Your goal:
Scan the listing below. Report each line that includes "sums".

═════ Extracted material ═════

lemma bracket2_orthogonal:
  "a \<in> model_indices m k \<Longrightarrow> b \<in> model_indices m k \<Longrightarrow>
     (\<Sum>c\<in>model_indices m k. bracket2 a c * bracket2 b c) = (if a = b then noncentral2 a else 0)"
  unfolding sum_model_indices by (cases a; cases b) (auto simp: model_indices_def if_mult_if)

lemma bracket1_bracket2: "bracket1 a b * bracket2 a b = 0"
  by (cases a; cases b) auto

lemma bracket1_norm: "(\<Sum>a\<in>model_indices m k. \<Sum>b\<in>model_indices m k. bracket1 a b * bracket1 a b) = 2 * real m"
  using bracket1_orthogonal by (simp add: sum_model_indices)

lemma bracket2_norm: "(\<Sum>a\<in>model_indices m k. \<Sum>b\<in>model_indices m k. bracket2 a b * bracket2 a b) = 2 * real k"
  using bracket2_orthogonal by (simp add: sum_model_indices)

lemma ricci_form_on_model_basis:
  fixes br :: "'a::euclidean_space \<Rightarrow> 'a \<Rightarrow> 'a" and bv :: "model_index \<Rightarrow> 'a"
    and m k :: nat and s1 s2 :: real
  defines "K \<equiv> model_indices m k"
  assumes ip: "inner_product ip"
    and orth: "\<And>a b. a \<in> K \<Longrightarrow> b \<in> K \<Longrightarrow> ip (bv a) (bv b) = (if a = b then 1 else 0)"
    and sums: "\<And>f :: 'a \<Rightarrow> real. (\<Sum>i<length es. f (es ! i)) = (\<Sum>a\<in>K. f (bv a))"
    and table: "\<And>a b. a \<in> K \<Longrightarrow> b \<in> K \<Longrightarrow>
                  br (bv a) (bv b) = (s1 * bracket1 a b) *\<^sub>R bv Z1 + (s2 * bracket2 a b) *\<^sub>R bv Z2"
    and cd: "c \<in> K" "d \<in> K"
  shows "ricci_form br ip es (bv c) (bv d) =
           (if c = d then (if c = Z1 then real m * s1\<^sup>2 / 2 else 0) + (if c = Z2 then real k * s2\<^sup>2 / 2 else 0)
                          - (s1\<^sup>2 * noncentral1 c + s2\<^sup>2 * noncentral2 c) / 2
            else 0)"
proof -
  have Z: "Z1 \<in> K" "Z2 \<in> K" by (auto simp: K_def model_indices_def)
  have ipl: "linear (\<lambda>x. ip x y)" for y by (rule inner_product_linear_left[OF ip])
  have ipr: "linear (ip x)" for x using ip by (simp add: inner_product_def)
  have coord: "ip (\<alpha> *\<^sub>R bv Z1 + \<beta> *\<^sub>R bv Z2) (bv e) =
                 \<alpha> * (if e = Z1 then 1 else 0) + \<beta> * (if e = Z2 then 1 else 0)" if "e \<in> K" for \<alpha> \<beta> e
    using that Z by (simp add: linear_add[OF ipl] linear_scale[OF ipl] orth)
  have coord2: "ip (\<alpha> *\<^sub>R bv Z1 + \<beta> *\<^sub>R bv Z2) (\<gamma> *\<^sub>R bv Z1 + \<delta> *\<^sub>R bv Z2) = \<alpha> * \<gamma> + \<beta> * \<delta>"
    for \<alpha> \<beta> \<gamma> \<delta>
    using Z by (simp add: linear_add[OF ipr] linear_scale[OF ipr] coord)
  have first_term: "(\<Sum>i<length es. ip (br (bv c) (es ! i)) (br (bv d) (es ! i))) =
                 (if c = d then s1\<^sup>2 * noncentral1 c + s2\<^sup>2 * noncentral2 c else 0)"
  proof -
    have "(\<Sum>i<length es. ip (br (bv c) (es ! i)) (br (bv d) (es ! i))) =
            (\<Sum>a\<in>K. ip (br (bv c) (bv a)) (br (bv d) (bv a)))"
      by (rule sums[of "\<lambda>v. ip (br (bv c) v) (br (bv d) v)"])
    also have "\<dots> = (\<Sum>a\<in>K. s1\<^sup>2 * (bracket1 c a * bracket1 d a) + s2\<^sup>2 * (bracket2 c a * bracket2 d a))"
      using cd by (intro sum.cong refl) (simp add: table coord2 power2_eq_square)
    also have "\<dots> = s1\<^sup>2 * (\<Sum>a\<in>K. bracket1 c a * bracket1 d a) + s2\<^sup>2 * (\<Sum>a\<in>K. bracket2 c a * bracket2 d a)"
      by (simp add: sum.distrib sum_distrib_left)
    finally show ?thesis using cd by (simp add: K_def bracket1_orthogonal bracket2_orthogonal)
  qed
  have second_term: "(\<Sum>i<length es. \<Sum>j<length es. ip (br (es ! i) (es ! j)) (bv c) * ip (br (es ! i) (es ! j)) (bv d)) =
      s1\<^sup>2 * (if c = Z1 \<and> d = Z1 then 1 else 0) * (2 * real m) +
      s2\<^sup>2 * (if c = Z2 \<and> d = Z2 then 1 else 0) * (2 * real k)"
  proof -
    have inner_sum: "(\<Sum>j<length es. ip (br v (es ! j)) (bv c) * ip (br v (es ! j)) (bv d)) =
                     (\<Sum>b\<in>K. ip (br v (bv b)) (bv c) * ip (br v (bv b)) (bv d))" for v
      by (rule sums[of "\<lambda>w. ip (br v w) (bv c) * ip (br v w) (bv d)"])
    have "(\<Sum>i<length es. \<Sum>j<length es. ip (br (es ! i) (es ! j)) (bv c) * ip (br (es ! i) (es ! j)) (bv d)) =
          (\<Sum>a\<in>K. \<Sum>b\<in>K. ip (br (bv a) (bv b)) (bv c) * ip (br (bv a) (bv b)) (bv d))"
      unfolding inner_sum by (rule sums[of "\<lambda>v. \<Sum>b\<in>K. ip (br v (bv b)) (bv c) * ip (br v (bv b)) (bv d)"])
    also have "\<dots> = (\<Sum>a\<in>K. \<Sum>b\<in>K. s1\<^sup>2 * (if c = Z1 \<and> d = Z1 then 1 else 0) * (bracket1 a b * bracket1 a b) +
                            s2\<^sup>2 * (if c = Z2 \<and> d = Z2 then 1 else 0) * (bracket2 a b * bracket2 a b))"
    proof (intro sum.cong refl)
      fix a b assume ab: "a \<in> K" "b \<in> K"
      have "ip (br (bv a) (bv b)) (bv c) * ip (br (bv a) (bv b)) (bv d) =
            s1\<^sup>2 * (if c = Z1 \<and> d = Z1 then 1 else 0) * (bracket1 a b * bracket1 a b) +
            s2\<^sup>2 * (if c = Z2 \<and> d = Z2 then 1 else 0) * (bracket2 a b * bracket2 a b) +
            s1 * s2 * (bracket1 a b * bracket2 a b) *
              ((if c = Z1 then 1 else 0) * (if d = Z2 then 1 else 0) + (if c = Z2 then 1 else 0) * (if d = Z1 then 1 else 0))"
        using ab cd by (simp add: table coord algebra_simps power2_eq_square)
      then show "ip (br (bv a) (bv b)) (bv c) * ip (br (bv a) (bv b)) (bv d) =
            s1\<^sup>2 * (if c = Z1 \<and> d = Z1 then 1 else 0) * (bracket1 a b * bracket1 a b) +
            s2\<^sup>2 * (if c = Z2 \<and> d = Z2 then 1 else 0) * (bracket2 a b * bracket2 a b)"
        by (simp add: bracket1_bracket2)
    qed
    also have "\<dots> = s1\<^sup>2 * (if c = Z1 \<and> d = Z1 then 1 else 0) * (\<Sum>a\<in>K. \<Sum>b\<in>K. bracket1 a b * bracket1 a b) +
                    s2\<^sup>2 * (if c = Z2 \<and> d = Z2 then 1 else 0) * (\<Sum>a\<in>K. \<Sum>b\<in>K. bracket2 a b * bracket2 a b)"
      by (simp add: sum.distrib sum_distrib_left)
    finally show ?thesis by (simp add: K_def bracket1_norm bracket2_norm)
  qed
  show ?thesis unfolding ricci_form_def first_term second_term by auto
qed

lemma einstein_model:
  fixes br :: "'a::euclidean_space \<Rightarrow> 'a \<Rightarrow> 'a" and bv :: "model_index \<Rightarrow> 'a"
    and m k :: nat and s1 s2 :: real
  defines "K \<equiv> model_indices m k"
  assumes lin1: "\<And>x. linear (br x)" and lin2: "\<And>y. linear (\<lambda>x. br x y)"
    and inj: "inj_on bv K" and ind: "independent (bv ` K)" and spn: "span (bv ` K) = UNIV"
    and s1: "s1\<^sup>2 = real k + 2" and s2: "s2\<^sup>2 = real m + 2"
    and table: "\<And>a b. a \<in> K \<Longrightarrow> b \<in> K \<Longrightarrow>
                  br (bv a) (bv b) = (s1 * bracket1 a b) *\<^sub>R bv Z1 + (s2 * bracket2 a b) *\<^sub>R bv Z2"
  shows "einstein_nilradical br"
proof -
  obtain ip es where ip: "inner_product ip" and onb: "orthonormal_basis ip es"
    and orth: "\<And>a b. a \<in> K \<Longrightarrow> b \<in> K \<Longrightarrow> ip (bv a) (bv b) = (if a = b then 1 else 0)"
    and sums: "\<And>f :: 'a \<Rightarrow> real. (\<Sum>i<length es. f (es ! i)) = (\<Sum>a\<in>K. f (bv a))"
    using orthonormalizing_inner_product[OF _ inj ind spn] by (auto simp: K_def)
  define a1 :: real where "a1 = (real m + 1) * (real k + 2) / 2"
  define a2 :: real where "a2 = (real k + 1) * (real m + 2) / 2"
  define lam :: real where "lam = - (real m + 2) * (real k + 2) / 2"
  define d where "d a = (case a of X1 _ \<Rightarrow> a1 | Y1 _ \<Rightarrow> a1 | X2 _ \<Rightarrow> a2 | Y2 _ \<Rightarrow> a2
                                | Z1 \<Rightarrow> 2 * a1 | Z2 \<Rightarrow> 2 * a2)" for a
  obtain D where linD: "linear D" and eigen: "\<And>a. a \<in> K \<Longrightarrow> D (bv a) = d a *\<^sub>R bv a"
  proof -
    obtain D where "linear D" "\<forall>v\<in>bv ` K. D v = d (the_inv_into K bv v) *\<^sub>R v"
      using linear_independent_extend[OF ind, of "\<lambda>v. d (the_inv_into K bv v) *\<^sub>R v"] by blast
    then show ?thesis using that the_inv_into_f_f[OF inj] by auto
  qed
  have Z: "Z1 \<in> K" "Z2 \<in> K" by (auto simp: K_def model_indices_def)
  have der: "D (br (bv a) (bv b)) = br (D (bv a)) (bv b) + br (bv a) (D (bv b))"
    if ab: "a \<in> K" "b \<in> K" for a b
  proof -
    have weights: "bracket1 a b * d Z1 = bracket1 a b * (d a + d b)"
        "bracket2 a b * d Z2 = bracket2 a b * (d a + d b)"
      by (cases a; cases b; simp add: d_def)+
    have "D (br (bv a) (bv b)) = (s1 * (bracket1 a b * d Z1)) *\<^sub>R bv Z1 + (s2 * (bracket2 a b * d Z2)) *\<^sub>R bv Z2"
      using ab Z by (simp add: table linear_add[OF linD] linear_scale[OF linD] eigen mult.assoc)
    also have "\<dots> = (d a + d b) *\<^sub>R br (bv a) (bv b)"
      unfolding weights table[OF ab] by (simp add: algebra_simps)
    also have "\<dots> = br (D (bv a)) (bv b) + br (bv a) (D (bv b))"
      using ab by (simp add: eigen linear_scale[OF lin1] linear_scale[OF lin2] scaleR_add_left)
    finally show ?thesis .
  qed
  have diagonal: "(if c = Z1 then real m * s1\<^sup>2 / 2 else 0) + (if c = Z2 then real k * s2\<^sup>2 / 2 else 0)
                   - (s1\<^sup>2 * noncentral1 c + s2\<^sup>2 * noncentral2 c) / 2 = lam + d c" for c
    by (cases c) (simp_all add: d_def lam_def a1_def a2_def s1 s2 field_simps)
  have ric: "ricci_form br ip es (bv a) (bv b) = (if a = b then lam + d a else 0)"
    if "a \<in> K" "b \<in> K" for a b
  proof -
    have "ricci_form br ip es (bv a) (bv b) =
          (if a = b then (if a = Z1 then real m * s1\<^sup>2 / 2 else 0) + (if a = Z2 then real k * s2\<^sup>2 / 2 else 0)
                          - (s1\<^sup>2 * noncentral1 a + s2\<^sup>2 * noncentral2 a) / 2
           else 0)"
      using ricci_form_on_model_basis[OF ip orth[unfolded K_def] sums[unfolded K_def] table[unfolded K_def]]
        that by (simp add: K_def)
    also have "\<dots> = (if a = b then lam + d a else 0)"
      by (simp only: diagonal)
    finally show ?thesis .
  qed
  show ?thesis
    by (rule einstein_nilradical_if_diagonal[OF lin1 lin2 ip onb spn orth linD eigen der ric])
qed

section \<open>Two Heisenberg ideals give an Einstein nilradical\<close>

locale two_frames = ideal_splitting +
  fixes z1 :: "'a::euclidean_space" and m :: nat and xs ys :: "nat \<Rightarrow> 'a"
    and z2 :: 'a and k :: nat and us vs :: "nat \<Rightarrow> 'a"
  assumes frame1: "heisenberg_frame br I z1 m xs ys"
    and frame2: "heisenberg_frame br J z2 k us vs"
begin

═════

Task result:
    and sums: "\<And>f :: 'a \<Rightarrow> real. (\<Sum>i<length es. f (es ! i)) = (\<Sum>a\<in>K. f (bv a))"
      by (rule sums[of "\<lambda>v. ip (br (bv c) v) (br (bv d) v)"])
      by (rule sums[of "\<lambda>w. ip (br v w) (bv c) * ip (br v w) (bv d)"])
      unfolding inner_sum by (rule sums[of "\<lambda>v. \<Sum>b\<in>K. ip (br v (bv b)) (bv c) * ip (br v (bv b)) (bv d)"])
    and sums: "\<And>f :: 'a \<Rightarrow> real. (\<Sum>i<length es. f (es ! i)) = (\<Sum>a\<in>K. f (bv a))"
      using ricci_form_on_model_basis[OF ip orth[unfolded K_def] sums[unfolded K_def] table[unfolded K_def]]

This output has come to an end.